Pilchuck '95

 

When creating pieces in a kiln, the size of the kiln is a limiting factor.

I took a sand casting class at Pilchuck in the summer of '95 with Bertil Vallien. But that class didn't have access to the same big kilns as the year before (in a class by Gene Koss), so I had to work around that.

I had been experimenting with copper tubes and wire in my kiln work at CCAC. I was working on linking glass to glass or glass to some other media. I decided to use my kiln glass experiments and apply them to the sand cast glass method. Here are some of the results. I look at them as pure experiments and I am still working with what I got out of my stay at Pilchuck that summer. My stay in Kohler gave me an opportunity to work further with these forms in a different medium.

 

Eight glass pieces put together with copper tubes and copper wire.

 

 

Four pieces of glass put together with copper tubes and wire.
Very fine glass color was sifted into the molds before the glass was poured into them.
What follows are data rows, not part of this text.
(* Let $t\in[n]$ and let $S\subseteq N$ be a $t$-switchable set (maximal or not) such that $P^{\langle t\rangle}_S$ is an associated prime of $\mathcal{I}^{\langle t\rangle}$. Then $\tilde{\mathcal{I}}^{\langle t\rangle}_S$ is contained in the $P^{\langle t\rangle}_S$-primary component of $\mathcal{I}^{\langle t\rangle}$ (in any primary decomposition of $\mathcal{I}^{\langle t\rangle}$).
   Context: Fix positive integers $n, r_1,\dots,r_n$, let $N=[r_1]\times\cdots\times[r_n]$, and let $R$ be the polynomial ring over a field in the variables $x_a$, $a\in N$. For $a,b\in N$ and $i\in[n]$, ${\rm s}(i,a,b)\in N$ has $i$-th component $b_i$ and other components equal to those of $a$. Let $d(a,b)=\#\{j: a_j\neq b_j\}$ and $f_{i,a,b}=x_ax_b-x_{{\rm s}(i,a,b)}x_{{\rm s}(i,b,a)}$. Let $\mathcal{I}^{\langle t\rangle}=(f_{i,a,b}: a,b\in N,\ d(a,b)=2,\ i\in[t])$. A subset $S\subseteq N$ is $t$-switchable if for all $a,b\in S$ with $d(a,b)=2$ and all $i\in[t]$, ${\rm s}(i,a,b)\in S$. Elements $a,b\in S$ are connected in $S$ if there are $a_0=a,\dots,a_k=b$ in $S$ with $d(a_{j-1},a_j)\le 1$ for all $j$. For $t$-switchable $S$: $\tilde{\mathcal{I}}^{\langle t\rangle}_S=(f_{i,a,b}: i\in[t],\ a,b \text{ connected in } S)$, $\mathrm{Var}^{\langle t\rangle}_S=(x_a: a\notin S)$, $P^{\langle t\rangle}_S=\mathrm{Var}^{\langle t\rangle}_S+\tilde{\mathcal{I}}^{\langle t\rangle}_S$. *)

theory Defs
  imports Main "HOL-Library.Poly_Mapping"
begin

text \<open>Points of N = [r_1] x ... x [r_n] are functions nat => nat, with components
indexed by 1..n, values in 1..r_i, and equal to 0 outside 1..n.\<close>

type_synonym pt = "nat \<Rightarrow> nat"

type_synonym 'k mpoly = "(pt \<Rightarrow>\<^sub>0 nat) \<Rightarrow>\<^sub>0 'k"

definition gridN :: "nat \<Rightarrow> (nat \<Rightarrow> nat) \<Rightarrow> pt set" where
  "gridN n r = {a. (\<forall>i\<in>{1..n}. 1 \<le> a i \<and> a i \<le> r i) \<and> (\<forall>i. i \<notin> {1..n} \<longrightarrow> a i = 0)}"

text \<open>The polynomial ring R = k[x_a : a in N], as the subset of polynomials
involving only variables from N.\<close>
definition polyR :: "pt set \<Rightarrow> ('k::field) mpoly set" where
  "polyR N = {p. \<forall>m\<in>Poly_Mapping.keys p. Poly_Mapping.keys m \<subseteq> N}"

definition var :: "pt \<Rightarrow> ('k::field) mpoly" where
  "var a = Poly_Mapping.single (Poly_Mapping.single a 1) 1"

definition sw :: "nat \<Rightarrow> pt \<Rightarrow> pt \<Rightarrow> pt" where
  "sw i a b = a(i := b i)"

definition dist :: "nat \<Rightarrow> pt \<Rightarrow> pt \<Rightarrow> nat" where
  "dist n a b = card {j\<in>{1..n}. a j \<noteq> b j}"

definition fpol :: "nat \<Rightarrow> pt \<Rightarrow> pt \<Rightarrow> ('k::field) mpoly" where
  "fpol i a b = var a * var b - var (sw i a b) * var (sw i b a)"

definition is_ideal :: "('a::comm_ring_1) set \<Rightarrow> 'a set \<Rightarrow> bool" where
  "is_ideal C I \<longleftrightarrow> I \<subseteq> C \<and> 0 \<in> I \<and> (\<forall>x\<in>I. \<forall>y\<in>I. x + y \<in> I)
     \<and> (\<forall>c\<in>C. \<forall>x\<in>I. c * x \<in> I)"

definition gen_ideal :: "('a::comm_ring_1) set \<Rightarrow> 'a set \<Rightarrow> 'a set" where
  "gen_ideal C G = \<Inter>{I. is_ideal C I \<and> G \<subseteq> I}"

definition ideal_sum :: "('a::comm_ring_1) set \<Rightarrow> 'a set \<Rightarrow> 'a set \<Rightarrow> 'a set" where
  "ideal_sum C I J = gen_ideal C (I \<union> J)"

definition is_prime_ideal :: "('a::comm_ring_1) set \<Rightarrow> 'a set \<Rightarrow> bool" where
  "is_prime_ideal C P \<longleftrightarrow> is_ideal C P \<and> P \<noteq> C \<and>
     (\<forall>a\<in>C. \<forall>b\<in>C. a * b \<in> P \<longrightarrow> a \<in> P \<or> b \<in> P)"

definition is_primary_ideal :: "('a::comm_ring_1) set \<Rightarrow> 'a set \<Rightarrow> bool" where
  "is_primary_ideal C Q \<longleftrightarrow> is_ideal C Q \<and> Q \<noteq> C \<and>
     (\<forall>a\<in>C. \<forall>b\<in>C. a * b \<in> Q \<longrightarrow> a \<notin> Q \<longrightarrow> (\<exists>k. b ^ k \<in> Q))"

definition radical :: "('a::comm_ring_1) set \<Rightarrow> 'a set \<Rightarrow> 'a set" where
  "radical C I = {f\<in>C. \<exists>k. f ^ k \<in> I}"

definition associated_prime :: "('a::comm_ring_1) set \<Rightarrow> 'a set \<Rightarrow> 'a set \<Rightarrow> bool" where
  "associated_prime C I P \<longleftrightarrow> is_prime_ideal C P \<and> (\<exists>f\<in>C. P = {g\<in>C. g * f \<in> I})"

definition primary_decomposition :: "('a::comm_ring_1) set \<Rightarrow> 'a set \<Rightarrow> 'a set set \<Rightarrow> bool" where
  "primary_decomposition C I Qs \<longleftrightarrow> finite Qs \<and> Qs \<noteq> {} \<and>
     (\<forall>Q\<in>Qs. is_primary_ideal C Q) \<and> \<Inter>Qs = I \<and>
     (\<forall>Q\<in>Qs. \<forall>Q'\<in>Qs. radical C Q = radical C Q' \<longrightarrow> Q = Q') \<and>
     (\<forall>Q\<in>Qs. \<Inter>(Qs - {Q}) \<noteq> I)"

definition It :: "nat \<Rightarrow> (nat \<Rightarrow> nat) \<Rightarrow> nat \<Rightarrow> ('k::field) mpoly set" where
  "It n r t = gen_ideal (polyR (gridN n r))
     {fpol i a b | i a b. a \<in> gridN n r \<and> b \<in> gridN n r \<and> dist n a b = 2 \<and> i \<in> {1..t}}"

definition switchable :: "nat \<Rightarrow> (nat \<Rightarrow> nat) \<Rightarrow> nat \<Rightarrow> pt set \<Rightarrow> bool" where
  "switchable n r t S \<longleftrightarrow> S \<subseteq> gridN n r \<and>
     (\<forall>a\<in>S. \<forall>b\<in>S. \<forall>i\<in>{1..t}. dist n a b = 2 \<longrightarrow> sw i a b \<in> S)"

definition connected_in :: "nat \<Rightarrow> pt set \<Rightarrow> pt \<Rightarrow> pt \<Rightarrow> bool" where
  "connected_in n S a b \<longleftrightarrow> a \<in> S \<and>
     (\<lambda>u v. u \<in> S \<and> v \<in> S \<and> dist n u v \<le> 1)\<^sup>*\<^sup>* a b"

definition Itilde :: "nat \<Rightarrow> (nat \<Rightarrow> nat) \<Rightarrow> nat \<Rightarrow> pt set \<Rightarrow> ('k::field) mpoly set" where
  "Itilde n r t S = gen_ideal (polyR (gridN n r))
     {fpol i a b | i a b. i \<in> {1..t} \<and> connected_in n S a b}"

definition VarS :: "nat \<Rightarrow> (nat \<Rightarrow> nat) \<Rightarrow> pt set \<Rightarrow> ('k::field) mpoly set" where
  "VarS n r S = gen_ideal (polyR (gridN n r)) {var a | a. a \<in> gridN n r \<and> a \<notin> S}"

definition PS :: "nat \<Rightarrow> (nat \<Rightarrow> nat) \<Rightarrow> nat \<Rightarrow> pt set \<Rightarrow> ('k::field) mpoly set" where
  "PS n r t S = ideal_sum (polyR (gridN n r)) (VarS n r S) (Itilde n r t S)"

end

theory Submission imports Defs begin

text \<open>Setting every variable x_a to the indicator of a \<in> S is a ring homomorphism that
kills P_S but not x_c for c \<in> S. So if Q is primary with radical P_S, every x_c with c \<in> S
is a non-zerodivisor modulo Q. Now let a, b be connected in S and i \<le> t. As S is
switchable, a path from a to b projects to a path inside S \<inter> {c. c_i = a_i} ending at
b(i := a_i), where f_{i,-,b} vanishes. For a step from a to a neighbour a' \<in> S with a'_i = a_i,
  x_a' f_{i,a,b} = x_a f_{i,a',b} + x_{b(i := a_i)} f_{i,a,a'(i := b_i)},
and the last binomial lies in I^<t> because a and a'(i := b_i) are at distance 2;
cancelling x_a' carries the membership f_{i,-,b} \<in> Q back along the path to a.\<close>

lemma ideal_add: "is_ideal C Q \<Longrightarrow> x \<in> Q \<Longrightarrow> y \<in> Q \<Longrightarrow> x + y \<in> Q"
  by (simp add: is_ideal_def)

lemma ideal_mult: "is_ideal C Q \<Longrightarrow> c \<in> C \<Longrightarrow> x \<in> Q \<Longrightarrow> c * x \<in> Q"
  by (simp add: is_ideal_def)

lemma ideal_zero: "is_ideal C Q \<Longrightarrow> 0 \<in> Q"
  by (simp add: is_ideal_def)

lemma gen_ideal_least: "is_ideal C J \<Longrightarrow> G \<subseteq> J \<Longrightarrow> gen_ideal C G \<subseteq> J"
  unfolding gen_ideal_def by blast

lemma gen_ideal_gen: "G \<subseteq> gen_ideal C G"
  unfolding gen_ideal_def by blast

definition nonzerodivisor_mod :: "('a::comm_ring_1) set \<Rightarrow> 'a set \<Rightarrow> 'a \<Rightarrow> bool" where
  "nonzerodivisor_mod C Q x \<longleftrightarrow> (\<forall>g\<in>C. x * g \<in> Q \<longrightarrow> g \<in> Q)"

lemma primary_nonzerodivisor_mod:
  assumes Q: "is_primary_ideal C Q" and x: "x \<in> C" "x \<notin> radical C Q"
  shows "nonzerodivisor_mod C Q x"
  unfolding nonzerodivisor_mod_def
proof (intro ballI impI)
  fix g assume g: "g \<in> C" and "x * g \<in> Q"
  then have "g * x \<in> Q" by (simp add: mult.commute)
  show "g \<in> Q"
  proof (rule ccontr)
    assume "g \<notin> Q"
    then obtain k where "x ^ k \<in> Q"
      using Q g x(1) \<open>g * x \<in> Q\<close> unfolding is_primary_ideal_def by blast
    then show False using x by (auto simp: radical_def)
  qed
qed

lemma keys_add_nat:
  "Poly_Mapping.keys (m1 + m2 :: 'a \<Rightarrow>\<^sub>0 nat) = Poly_Mapping.keys m1 \<union> Poly_Mapping.keys m2"
  by (auto simp: in_keys_iff lookup_add)
(* Let $\mathcal{H}_A,\mathcal{H}_B,\mathcal{H}_C$ be finite-dimensional Hilbert spaces. For any strictly positive definite density matrix $\rho_{AB}$ on $\mathcal{H}_A\otimes\mathcal{H}_B$ and any strictly positive definite density matrix $\sigma_{BC}$ on $\mathcal{H}_B\otimes\mathcal{H}_C$, $$\rho_A^{-1}\otimes \sigma_{BC} \;\leq\; \rho_{AB}^{-1}\otimes \sigma_C$$ as operators on $\mathcal{H}_A\otimes\mathcal{H}_B\otimes\mathcal{H}_C$.
   Context: A density matrix is a positive semidefinite operator of trace one. Marginals are partial traces: $\rho_A=\mathrm{Tr}_B\,\rho_{AB}$, $\sigma_C=\mathrm{Tr}_B\,\sigma_{BC}$. The tensor factors are ordered as $\mathcal{H}_A\otimes\mathcal{H}_B\otimes\mathcal{H}_C$ (so $\rho_A^{-1}\otimes\sigma_{BC}$ acts as $\rho_A^{-1}$ on $A$ and $\sigma_{BC}$ on $BC$, and $\rho_{AB}^{-1}\otimes\sigma_C$ acts as $\rho_{AB}^{-1}$ on $AB$ and $\sigma_C$ on $C$). For Hermitian operators, $X\leq Y$ means $Y-X$ is positive semidefinite. *)

theory Defs
  imports "HOL-Analysis.Analysis"
begin

text \<open>Operators on a finite-dimensional Hilbert space with orthonormal basis indexed by
  a finite type 'i are represented as complex matrices of type complex^'i^'i.
  The composite system AB has index type 'a \<times> 'b, and ABC has index type 'a \<times> 'b \<times> 'c.\<close>

definition hermitian :: "complex^('i::finite)^'i \<Rightarrow> bool" where
  "hermitian M \<longleftrightarrow> (\<forall>i j. M $ i $ j = cnj (M $ j $ i))"
lemma sets_llr_sublevel [measurable]: "llr_sublevel n R \<in> sets (Q n)"
proof (cases "n = 0")
  case True
  \<comment> \<open>Here 1 / real n = 0, and 0 * \<infinity> = 0 in ereal.\<close>
  then have "llr_sublevel n R = (if 0 \<le> R then space (Q n) else {})"
    by (auto simp: llr_sublevel_def space_P zero_ereal_def[symmetric])
  then show ?thesis by simp
next
  case False
  have [measurable]: "g n \<in> borel_measurable (Q n)"
    using RN unfolding gen_RN_deriv_def by blast
  from False have "llr_sublevel n R = {x \<in> space (Q n). g n x \<le> ennreal (exp (real n * R))}"
    by (auto simp: mem_llr_sublevel_iff)
  then show ?thesis by simp
qed

lemma eta_nonneg: "0 \<le> eta P g R"
  unfolding eta_eq by (intro exponent_nonneg prob_space.prob_le_1[OF prob_P] measure_nonneg)

lemma measure_P_llr_sublevel_le:
  assumes "0 < n" "A \<in> sets (Q n)"
  shows "measure (P n) (llr_sublevel n R \<inter> A) \<le> exp (real n * R) * measure (Q n) A"
proof -
  have "measure (P n) (llr_sublevel n R \<inter> A) \<le> exp (real n * R) * measure (Q n) (llr_sublevel n R \<inter> A)"
    using assms by (intro gen_RN_deriv_measure_le[OF finite_P finite_Q RN]) (auto simp: mem_llr_sublevel_iff)
  also have "\<dots> \<le> exp (real n * R) * measure (Q n) A"
    using assms by (intro mult_left_mono finite_measure.finite_measure_mono[OF finite_Q]) auto
  finally show ?thesis .
qed

lemma measure_Q_outside_llr_sublevel_le:
  assumes "0 < n" "A \<in> sets (Q n)" "A \<inter> llr_sublevel n R = {}"
  shows "measure (Q n) A \<le> exp (- real n * R) * measure (P n) A"
proof -
  have "ennreal (exp (real n * R)) \<le> g n x" if "x \<in> A" for x
  proof -
    have "x \<notin> llr_sublevel n R"
      using that assms(3) by blast
    then have "\<not> g n x \<le> ennreal (exp (real n * R))"
      using that sets.sets_into_space[OF assms(2)] by (auto simp: mem_llr_sublevel_iff[OF assms(1)])
    then show ?thesis
      by (simp add: not_le order.strict_implies_order)
  qed
  then have "exp (real n * R) * measure (Q n) A \<le> measure (P n) A"
    using assms(2) by (intro gen_RN_deriv_measure_ge[OF finite_P finite_Q RN]) auto
  then show ?thesis
    by (simp add: exp_minus field_simps)
qed

lemma measure_Q_outside_llr_sublevel_telescope:
  assumes "0 < n"
  shows "measure (Q n) (space (Q n) - llr_sublevel n (c 0)) \<le>
    (\<Sum>k<K. exp (- real n * c k) * measure (P n) (llr_sublevel n (c (Suc k)))) + exp (- real n * c K)"
proof -
  let ?S = "\<lambda>k. llr_sublevel n (c k)"
  have decompose: "measure (Q n) (space (Q n) - ?S 0) \<le>
      (\<Sum>k<K. measure (Q n) (?S (Suc k) - ?S k)) + measure (Q n) (space (Q n) - ?S K)"
  proof (induction K)
    case (Suc K)
    have "space (Q n) - ?S K \<subseteq> (?S (Suc K) - ?S K) \<union> (space (Q n) - ?S (Suc K))"
      by blast
    then have "measure (Q n) (space (Q n) - ?S K) \<le>
        measure (Q n) (?S (Suc K) - ?S K) + measure (Q n) (space (Q n) - ?S (Suc K))"
      by (intro order_trans[OF finite_measure.finite_measure_mono[OF finite_Q] measure_Un_le]) auto
    with Suc show ?case by simp
  qed simp
  have slice: "measure (Q n) (?S (Suc k) - ?S k) \<le> exp (- real n * c k) * measure (P n) (?S (Suc k))" for k
  proof -
    have "measure (Q n) (?S (Suc k) - ?S k) \<le> exp (- real n * c k) * measure (P n) (?S (Suc k) - ?S k)"
      using assms by (intro measure_Q_outside_llr_sublevel_le) auto
    also have "\<dots> \<le> exp (- real n * c k) * measure (P n) (?S (Suc k))"
      by (intro mult_left_mono finite_measure.finite_measure_mono[OF finite_P]) (auto simp: sets_P)
    finally show ?thesis .
  qed
  have tail: "measure (Q n) (space (Q n) - ?S K) \<le> exp (- real n * c K)"
  proof -
    have "measure (Q n) (space (Q n) - ?S K) \<le> exp (- real n * c K) * measure (P n) (space (Q n) - ?S K)"
      using assms by (intro measure_Q_outside_llr_sublevel_le) auto
    also have "\<dots> \<le> exp (- real n * c K)"
      using prob_space.prob_le_1[OF prob_P] by (intro mult_left_le) auto
    finally show ?thesis .
  qed
  note decompose
  also have "(\<Sum>k<K. measure (Q n) (?S (Suc k) - ?S k)) + measure (Q n) (space (Q n) - ?S K) \<le>
      (\<Sum>k<K. exp (- real n * c k) * measure (P n) (?S (Suc k))) + exp (- real n * c K)"
    by (intro add_mono sum_mono slice tail)
  finally show ?thesis .
qed

lemma exponent_outside_llr_sublevel_ge:
  assumes "\<And>k. k < K \<Longrightarrow> a \<le> ereal (c k) + eta P g (c (Suc k))" and "a \<le> ereal (c K)"
  shows "a \<le> exponent (\<lambda>n. measure (Q n) (space (Q n) - llr_sublevel n (c 0)))"
proof -
  have "a \<le> exponent (\<lambda>n. \<Sum>k<K. exp (- real n * c k) * measure (P n) (llr_sublevel n (c (Suc k))))"
    using assms(1) by (intro exponent_sum_ge order_trans[OF _ exponent_mult_exp_ge]) (auto simp: eta_eq)
  moreover have "a \<le> exponent (\<lambda>n. exp (- real n * c K) * 1)"
    using assms(2) by (intro order_trans[OF _ exponent_mult_exp_ge[of "\<lambda>_. 1" 0]]) (simp_all add: exponent_nonneg)
  ultimately have "a \<le> exponent (\<lambda>n.
      (\<Sum>k<K. exp (- real n * c k) * measure (P n) (llr_sublevel n (c (Suc k)))) + exp (- real n * c K))"
    by (simp add: exponent_add_ge sum_nonneg)
  also have "\<dots> \<le> exponent (\<lambda>n. measure (Q n) (space (Q n) - llr_sublevel n (c 0)))"
  proof (rule exponent_mono)
    show "\<forall>\<^sub>F n in sequentially. measure (Q n) (space (Q n) - llr_sublevel n (c 0)) \<le>
        (\<Sum>k<K. exp (- real n * c k) * measure (P n) (llr_sublevel n (c (Suc k)))) + exp (- real n * c K)"
      using eventually_gt_at_top[of 0] by eventually_elim (rule measure_Q_outside_llr_sublevel_telescope)
  qed simp
  finally show ?thesis .
qed
lemma finite_clades: "finite (clades T)"
  by (induction T) auto

lemma clade_subset_leaves: "X \<in> clades T \<Longrightarrow> X \<subseteq> leaves T"
  by (induction T arbitrary: X) fastforce+

lemma leaves_nonempty: "wf_tree T \<Longrightarrow> leaves T \<noteq> {}"
  by (induction T) (fastforce simp: neq_Nil_conv)+

lemma card_leaves_Node:
  assumes wf: "wf_tree (Node ts)"
  shows "2 \<le> card (leaves (Node ts))"
proof -
  have len: "2 \<le> length ts" using wf by simp
  then have ts01: "ts ! 0 \<in> set ts" "ts ! 1 \<in> set ts" by (auto intro!: nth_mem)
  then have "leaves (ts ! 0) \<noteq> {}" "leaves (ts ! 1) \<noteq> {}"
    using wf leaves_nonempty by simp_all
  then obtain a b where a: "a \<in> leaves (ts ! 0)" and b: "b \<in> leaves (ts ! 1)" by blast
  have disjoint: "\<forall>i<length ts. \<forall>j<length ts. i \<noteq> j \<longrightarrow> leaves (ts ! i) \<inter> leaves (ts ! j) = {}"
    using wf by simp
  have "0 < length ts" "1 < length ts" using len by linarith+
  then have "leaves (ts ! 0) \<inter> leaves (ts ! 1) = {}"
    using disjoint[rule_format, OF _ _ zero_neq_one] by blast
  then have "a \<noteq> b" using a b by blast
  have "{a, b} \<subseteq> leaves (Node ts)" using a b ts01 by auto
  then have "card {a, b} \<le> card (leaves (Node ts))"
    by (rule card_mono[OF finite_leaves])
  with \<open>a \<noteq> b\<close> show ?thesis by simp
qed

lemma card_clade: "wf_tree T \<Longrightarrow> X \<in> clades T \<Longrightarrow> 2 \<le> card X"
proof (induction T arbitrary: X)
  case (Node ts)
  then show ?case using card_leaves_Node[OF Node.prems(1)] by (auto simp del: leaves.simps)
qed simp

lemma leaves_in_clades: "wf_tree T \<Longrightarrow> 2 \<le> card (leaves T) \<Longrightarrow> leaves T \<in> clades T"
  by (cases T) auto

lemma laminar_clades:
  assumes "wf_tree T"
  shows "laminar (clades T)"
  using assms
proof (induction T)
  case (Leaf i)
  then show ?case by (simp add: laminar_def)
next
  case (Node ts)
  have children: "X \<subseteq> Y \<or> Y \<subseteq> X \<or> X \<inter> Y = {}"
    if X: "X \<in> clades t" "t \<in> set ts" and Y: "Y \<in> clades t'" "t' \<in> set ts" for X Y t t'
  proof (cases "t = t'")
    case True
    then show ?thesis using Node X Y by (simp add: laminar_def)
  next
    case False
    obtain i j where "i < length ts" "j < length ts" "t = ts ! i" "t' = ts ! j"
      using X(2) Y(2) by (metis in_set_conv_nth)
    then have "leaves t \<inter> leaves t' = {}" using False Node.prems by auto
    then show ?thesis using clade_subset_leaves X(1) Y(1) by blast
  qed
  have root: "\<forall>X\<in>clades (Node ts). X \<subseteq> leaves (Node ts)"
    using clade_subset_leaves by blast
  show ?case
    unfolding laminar_def
  proof (intro ballI)
    fix X Y assume X: "X \<in> clades (Node ts)" and Y: "Y \<in> clades (Node ts)"
    show "X \<subseteq> Y \<or> Y \<subseteq> X \<or> X \<inter> Y = {}"
    proof (cases "X = leaves (Node ts) \<or> Y = leaves (Node ts)")
      case True
      then show ?thesis using root X Y by blast
    next
      case False
      then obtain t t' where "X \<in> clades t" "t \<in> set ts" "Y \<in> clades t'" "t' \<in> set ts"
        using X Y by (auto simp del: leaves.simps)
      then show ?thesis by (rule children)
    qed
  qed
qed

section \<open>Moebius inversion on the clade intersection poset\<close>

lemma sum_Pow_minus_one_power:
  assumes "finite J"
  shows "(\<Sum>I\<in>Pow J. (-1::'a::ring_1) ^ card I) = (if J = {} then 1 else 0)"
proof (cases "J = {}")
  case False
  then have "{} \<subset> J" by blast
  then have "card {I \<in> Pow J. even (card I)} = card {I \<in> Pow J. odd (card I)}"
    using card_subsupersets_even_odd[OF assms \<open>{} \<subset> J\<close>] by (simp add: Pow_def)
  then show ?thesis
    using sum_alternating_cancels[of "Pow J" card] assms False by simp
qed simp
 Drawing, showing how I put the pieces together

 

 

Two halves with cones on the inside that both have melted aluminum foil .

The two halfs are held together with copper wires that were placed in the sand sticking into the space that then got filled with glass.

The drawings show how I made the two halfs.

 

Two Halfs with a Middle

 17,5"L x 8,5" x 8,5"

12 Kilos

The three halves are put together by having two different sizes of copper tubes going through the glass parts.